» WORK INSTRUCTIONS: Repeat every record exactly as written.

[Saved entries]
definition lift_filter :: "'b set \<Rightarrow> 'x set \<Rightarrow> 'x set" where
  "lift_filter G U = {y. \<exists>u\<in>U. \<exists>e\<in>G. e \<le> p u \<and> res u e \<sqsubseteq> y}"

lemma lift_filterI: "u \<in> U \<Longrightarrow> e \<in> G \<Longrightarrow> e \<le> p u \<Longrightarrow> res u e \<sqsubseteq> y \<Longrightarrow> y \<in> lift_filter G U"
  unfolding lift_filter_def by blast

lemma lift_filterE:
  assumes "y \<in> lift_filter G U"
  obtains u e where "u \<in> U" "e \<in> G" "e \<le> p u" "res u e \<sqsubseteq> y"
  using assms unfolding lift_filter_def by blast

lemma subset_lift_filter:
  assumes "supp_filter U \<subseteq> G"
  shows "U \<subseteq> lift_filter G U"
proof
  fix u assume "u \<in> U"
  moreover have "p u \<in> G" using \<open>u \<in> U\<close> assms unfolding supp_filter_def by blast
  ultimately show "u \<in> lift_filter G U" by (intro lift_filterI[of u U "p u"]) simp_all
qed

lemma lift_filter_is_filter:
  assumes fU: "is_filter UNIV (\<sqsubseteq>) U" and fG: "is_filter UNIV (\<le>) G" and UG: "supp_filter U \<subseteq> G"
  shows "is_filter UNIV (\<sqsubseteq>) (lift_filter G U)"
  unfolding is_filter_def
proof (intro conjI ballI impI)
  show "lift_filter G U \<noteq> {}" using subset_lift_filter[OF UG] fU unfolding is_filter_def by blast
next
  fix y1 y2 assume y1: "y1 \<in> lift_filter G U" and y2: "y2 \<in> lift_filter G U"
  obtain u1 e1 where h1: "u1 \<in> U" "e1 \<in> G" "e1 \<le> p u1" "res u1 e1 \<sqsubseteq> y1"
    using y1 by (rule lift_filterE)
  obtain u2 e2 where h2: "u2 \<in> U" "e2 \<in> G" "e2 \<le> p u2" "res u2 e2 \<sqsubseteq> y2"
    using y2 by (rule lift_filterE)
  obtain w where w: "w \<in> U" "w \<sqsubseteq> u1" "w \<sqsubseteq> u2" using filter_lower_bound[OF fU h1(1) h2(1)] by blast
  have "p w \<in> G" using w(1) UG unfolding supp_filter_def by blast
  define f where "f = inf (inf e1 e2) (p w)"
  have fG': "f \<in> G" unfolding f_def using filter_inf_mem[OF fG filter_inf_mem[OF fG h1(2) h2(2)] \<open>p w \<in> G\<close>] .
  moreover have fw: "f \<le> p w" and "f \<le> e1" "f \<le> e2" unfolding f_def by (auto intro: le_infI1)
  moreover have "res w f \<sqsubseteq> y1"
    using res_le_psh_res[OF w(2) \<open>f \<le> e1\<close> h1(3) fw] h1(4) by (rule le_psh_trans)
  moreover have "res w f \<sqsubseteq> y2"
    using res_le_psh_res[OF w(3) \<open>f \<le> e2\<close> h2(3) fw] h2(4) by (rule le_psh_trans)
  moreover have "res w f \<in> lift_filter G U" by (rule lift_filterI[OF w(1) fG' fw le_psh_refl])
  ultimately show "\<exists>v\<in>lift_filter G U. v \<sqsubseteq> y1 \<and> v \<sqsubseteq> y2" by blast
next
  fix x y assume "x \<in> lift_filter G U" "x \<sqsubseteq> y"
  then obtain u e where "u \<in> U" "e \<in> G" "e \<le> p u" "res u e \<sqsubseteq> x" by (blast elim: lift_filterE)
  with \<open>x \<sqsubseteq> y\<close> show "y \<in> lift_filter G U" by (blast intro: lift_filterI le_psh_trans)
qed (rule subset_UNIV)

» SOLUTION TO THIS EXERCISE:
definition lift_filter :: "'b set \<Rightarrow> 'x set \<Rightarrow> 'x set" where
  "lift_filter G U = {y. \<exists>u\<in>U. \<exists>e\<in>G. e \<le> p u \<and> res u e \<sqsubseteq> y}"

lemma lift_filterI: "u \<in> U \<Longrightarrow> e \<in> G \<Longrightarrow> e \<le> p u \<Longrightarrow> res u e \<sqsubseteq> y \<Longrightarrow> y \<in> lift_filter G U"
  unfolding lift_filter_def by blast

lemma lift_filterE:
  assumes "y \<in> lift_filter G U"
  obtains u e where "u \<in> U" "e \<in> G" "e \<le> p u" "res u e \<sqsubseteq> y"
  using assms unfolding lift_filter_def by blast

lemma subset_lift_filter:
  assumes "supp_filter U \<subseteq> G"
  shows "U \<subseteq> lift_filter G U"
proof
  fix u assume "u \<in> U"
  moreover have "p u \<in> G" using \<open>u \<in> U\<close> assms unfolding supp_filter_def by blast
  ultimately show "u \<in> lift_filter G U" by (intro lift_filterI[of u U "p u"]) simp_all
qed

lemma lift_filter_is_filter:
  assumes fU: "is_filter UNIV (\<sqsubseteq>) U" and fG: "is_filter UNIV (\<le>) G" and UG: "supp_filter U \<subseteq> G"
  shows "is_filter UNIV (\<sqsubseteq>) (lift_filter G U)"
  unfolding is_filter_def
proof (intro conjI ballI impI)
  show "lift_filter G U \<noteq> {}" using subset_lift_filter[OF UG] fU unfolding is_filter_def by blast
next
  fix y1 y2 assume y1: "y1 \<in> lift_filter G U" and y2: "y2 \<in> lift_filter G U"
  obtain u1 e1 where h1: "u1 \<in> U" "e1 \<in> G" "e1 \<le> p u1" "res u1 e1 \<sqsubseteq> y1"
    using y1 by (rule lift_filterE)
  obtain u2 e2 where h2: "u2 \<in> U" "e2 \<in> G" "e2 \<le> p u2" "res u2 e2 \<sqsubseteq> y2"
    using y2 by (rule lift_filterE)
  obtain w where w: "w \<in> U" "w \<sqsubseteq> u1" "w \<sqsubseteq> u2" using filter_lower_bound[OF fU h1(1) h2(1)] by blast
  have "p w \<in> G" using w(1) UG unfolding supp_filter_def by blast
  define f where "f = inf (inf e1 e2) (p w)"
  have fG': "f \<in> G" unfolding f_def using filter_inf_mem[OF fG filter_inf_mem[OF fG h1(2) h2(2)] \<open>p w \<in> G\<close>] .
  moreover have fw: "f \<le> p w" and "f \<le> e1" "f \<le> e2" unfolding f_def by (auto intro: le_infI1)
  moreover have "res w f \<sqsubseteq> y1"
    using res_le_psh_res[OF w(2) \<open>f \<le> e1\<close> h1(3) fw] h1(4) by (rule le_psh_trans)
  moreover have "res w f \<sqsubseteq> y2"
    using res_le_psh_res[OF w(3) \<open>f \<le> e2\<close> h2(3) fw] h2(4) by (rule le_psh_trans)
  moreover have "res w f \<in> lift_filter G U" by (rule lift_filterI[OF w(1) fG' fw le_psh_refl])
  ultimately show "\<exists>v\<in>lift_filter G U. v \<sqsubseteq> y1 \<and> v \<sqsubseteq> y2" by blast
next
  fix x y assume "x \<in> lift_filter G U" "x \<sqsubseteq> y"
  then obtain u e where "u \<in> U" "e \<in> G" "e \<le> p u" "res u e \<sqsubseteq> x" by (blast elim: lift_filterE)
  with \<open>x \<sqsubseteq> y\<close> show "y \<in> lift_filter G U" by (blast intro: lift_filterI le_psh_trans)
qed (rule subset_UNIV)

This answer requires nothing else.